● **DIRECTIONS FOR THIS TASK**
Every line of the following records that includes "auto" should be copied.

● **TASK INPUT**
theorem mainTheorem2:
  fixes M :: "'w measure" and X :: "'w \<Rightarrow> 'a::euclidean_space" and \<X> :: "'a set"
    and k :: nat and m :: "nat \<Rightarrow> nat" and I :: "nat \<Rightarrow> (nat \<Rightarrow> real) set"
    and f :: "nat \<Rightarrow> nat \<Rightarrow> (nat \<Rightarrow> real) \<Rightarrow> 'a \<Rightarrow> real" and g :: "nat \<Rightarrow> 'a \<Rightarrow> real"
    and J :: "nat set" and p :: real and \<mu> :: "nat \<Rightarrow> 'a measure"
  assumes M: "prob_space M"
    and X_meas: "X \<in> borel_measurable M"
    and X_vals: "\<forall>\<omega>\<in>space M. X \<omega> \<in> \<X>"
    and I_ok: "\<forall>j\<in>{1..k}. param_set_ok (m j) (I j)"
    and J: "J \<subseteq> {1..k+1}"
    and p: "p \<ge> 1"
    and F_meas: "\<forall>j\<in>J. \<forall>h\<in>Fclass k m I f g j. h \<in> borel_measurable borel"
    and growth: "\<forall>j\<in>J. \<exists>C>0. \<forall>h\<in>Fclass k m I f g j. \<forall>x\<in>\<X>. \<forall>y.
        \<bar>h (x + y) - h x\<bar> \<le> C * max 1 (max (norm y powr (p - 1)) (norm x powr (p - 1))) * norm y"
    and moment: "integrable M (\<lambda>\<omega>. norm (X \<omega>) powr (2 * (p - 1)))"
    and mu: "strong_approx_identity \<mu> p"
  shows "\<forall>j\<in>J.
     (\<lambda>n. SUP h\<in>Fclass k m I f g j.
        ennreal (integral\<^sup>L M (\<lambda>\<omega>. (integral\<^sup>L (\<mu> n) (\<lambda>y. h (X \<omega> + y) - h (X \<omega>)))\<^sup>2)))
        \<longlonglongrightarrow> 0 \<and>
     (\<lambda>n. SUP h\<in>Fclass k m I f g j.
        ennreal (sqrt (real n) *
          \<bar>integral\<^sup>L M (\<lambda>\<omega>. integral\<^sup>L (\<mu> n) (\<lambda>y. h (X \<omega> + y) - h (X \<omega>)))\<bar>))
        \<longlonglongrightarrow> 0"
proof (intro ballI)
  fix j assume "j \<in> J"
  then obtain C where "C > 0" and C: "\<forall>h\<in>Fclass k m I f g j. \<forall>x\<in>\<X>. \<forall>y.
      \<bar>h (x + y) - h x\<bar> \<le> C * max 1 (max (norm y powr (p - 1)) (norm x powr (p - 1))) * norm y"
    using growth by blast
  define e where "e n = (\<integral>y. max (norm y) (norm y powr p) \<partial>\<mu> n)" for n
  define B where "B = (\<lambda>\<omega>. 2 + norm (X \<omega>) powr (p - 1))"
  have sqrt_e: "(\<lambda>n. sqrt (real n) * e n) \<longlonglongrightarrow> 0" and \<mu>_n: "prob_space (\<mu> n)"
    "sets (\<mu> n) = sets borel" "integrable (\<mu> n) (\<lambda>z. norm z powr p)" for n
    using mu by (auto simp: strong_approx_identity_def proper_approx_identity_def e_def)
  have "integrable M B" "integrable M (\<lambda>\<omega>. (B \<omega>)\<^sup>2)"
    using finite_measure.integrable_shifted_norm_powr[OF prob_space.finite_measure[OF M] X_meas]
      moment by (simp_all add: B_def)
  have D: "\<bar>\<integral>y. h (X \<omega> + y) - h (X \<omega>) \<partial>\<mu> n\<bar> \<le> (C * e n) * B \<omega>"
    if "h \<in> Fclass k m I f g j" and "\<omega> \<in> space M" for h n \<omega>
    using abs_integral_increment_le[of h "X \<omega>" C p "\<mu> n"] C that X_vals \<open>C > 0\<close>
      integrable_max_norm_powr[OF prob_space.finite_measure[OF \<mu>_n(1)] \<mu>_n(2,3) p]
    by (simp add: e_def B_def mult_ac)
  have second_moment: "(\<integral>\<omega>. (\<integral>y. h (X \<omega> + y) - h (X \<omega>) \<partial>\<mu> n)\<^sup>2 \<partial>M)
      \<le> (C * e n)\<^sup>2 * (\<integral>\<omega>. (B \<omega>)\<^sup>2 \<partial>M)" if "h \<in> Fclass k m I f g j" for h n
    using integral_square_le_mult_integral[OF \<open>integrable M (\<lambda>\<omega>. (B \<omega>)\<^sup>2)\<close> D[OF that]] .
  have scaled_mean: "sqrt (real n) * \<bar>\<integral>\<omega>. (\<integral>y. h (X \<omega> + y) - h (X \<omega>) \<partial>\<mu> n) \<partial>M\<bar>
      \<le> C * integral\<^sup>L M B * (sqrt (real n) * e n)" if "h \<in> Fclass k m I f g j" for h n
    using mult_left_mono[OF abs_integral_le_mult_integral[OF \<open>integrable M B\<close> D[OF that]],
        of "sqrt (real n)"]
    by (simp add: mult_ac)
  have "(\<lambda>n. (C * e n)\<^sup>2 * (\<integral>\<omega>. (B \<omega>)\<^sup>2 \<partial>M)) \<longlonglongrightarrow> (C * 0)\<^sup>2 * (\<integral>\<omega>. (B \<omega>)\<^sup>2 \<partial>M)"
    using LIMSEQ_zero_if_sqrt_mult_LIMSEQ_zero[OF sqrt_e] by (intro tendsto_intros)
  moreover have "(\<lambda>n. C * integral\<^sup>L M B * (sqrt (real n) * e n)) \<longlonglongrightarrow> 0"
    using sqrt_e by (rule tendsto_mult_right_zero)
  ultimately show "(\<lambda>n. SUP h\<in>Fclass k m I f g j.
        ennreal (\<integral>\<omega>. (\<integral>y. h (X \<omega> + y) - h (X \<omega>) \<partial>\<mu> n)\<^sup>2 \<partial>M)) \<longlonglongrightarrow> 0 \<and>
      (\<lambda>n. SUP h\<in>Fclass k m I f g j.
        ennreal (sqrt (real n) * \<bar>\<integral>\<omega>. (\<integral>y. h (X \<omega> + y) - h (X \<omega>) \<partial>\<mu> n) \<partial>M\<bar>)) \<longlonglongrightarrow> 0"
    by (auto intro!: SUP_ennreal_LIMSEQ_zero second_moment scaled_mean)
qed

● **SOLUTION**
    using mu by (auto simp: strong_approx_identity_def proper_approx_identity_def e_def)
    by (auto intro!: SUP_ennreal_LIMSEQ_zero second_moment scaled_mean)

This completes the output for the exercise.